Give only the number of lines in the data that contain the word "card".
___ Data for this exercise ___
lemma pf_set_cong:
  assumes "finite S" "\<And>i j. i \<in> S \<Longrightarrow> j \<in> S \<Longrightarrow> i < j \<Longrightarrow> A i j = B i j"
  shows "pf_set A S = pf_set B S"
  using assms
proof (induction S rule: finite_psubset_induct)
  case (psubset S)
  show ?case
  proof (cases "S = {}")
    case False
    define m where "m = Min S"
    have m: "m \<in> S" "\<And>y. y \<in> S - {m} \<Longrightarrow> m < y"
      using psubset.hyps False by (auto simp: m_def less_le)
    have "pf_set A (S - {m} - {y}) = pf_set B (S - {m} - {y})" if "y \<in> S - {m}" for y
      using psubset that m by (intro psubset.IH) auto
    then show ?thesis
      using psubset m unfolding pf_set_expand_Min[OF psubset.hyps False] m_def[symmetric]
      by (intro sum.cong) auto
  qed simp
qed

lemma pf_set_scale:
  assumes "finite S"
  shows "pf_set (\<lambda>i j. s i * s j * A i j) S = (\<Prod>i\<in>S. s i) * pf_set A S"
  using assms
proof (induction S rule: finite_psubset_induct)
  case (psubset S)
  show ?case
  proof (cases "S = {}")
    case False
    define m where "m = Min S"
    have m: "m \<in> S" using psubset.hyps False by (simp add: m_def)
    have "(-1) ^ card {j \<in> S - {m}. j < y} * (s m * s y * A m y)
            * pf_set (\<lambda>i j. s i * s j * A i j) (S - {m} - {y})
          = (\<Prod>i\<in>S. s i) * ((-1) ^ card {j \<in> S - {m}. j < y} * A m y * pf_set A (S - {m} - {y}))"
      if y: "y \<in> S - {m}" for y
    proof -
      have "(\<Prod>i\<in>S. s i) = s m * (s y * (\<Prod>i\<in>S - {m} - {y}. s i))"
        using psubset.hyps m y by (simp add: prod.remove)
      moreover have "pf_set (\<lambda>i j. s i * s j * A i j) (S - {m} - {y})
                     = (\<Prod>i\<in>S - {m} - {y}. s i) * pf_set A (S - {m} - {y})"
        using psubset m y by (intro psubset.IH) auto
      ultimately show ?thesis by (simp add: algebra_simps)
    qed
    then show ?thesis
      unfolding pf_set_expand_Min[OF psubset.hyps False] m_def[symmetric]
      by (simp add: sum_distrib_left)
  qed simp
qed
___
## Answer box
2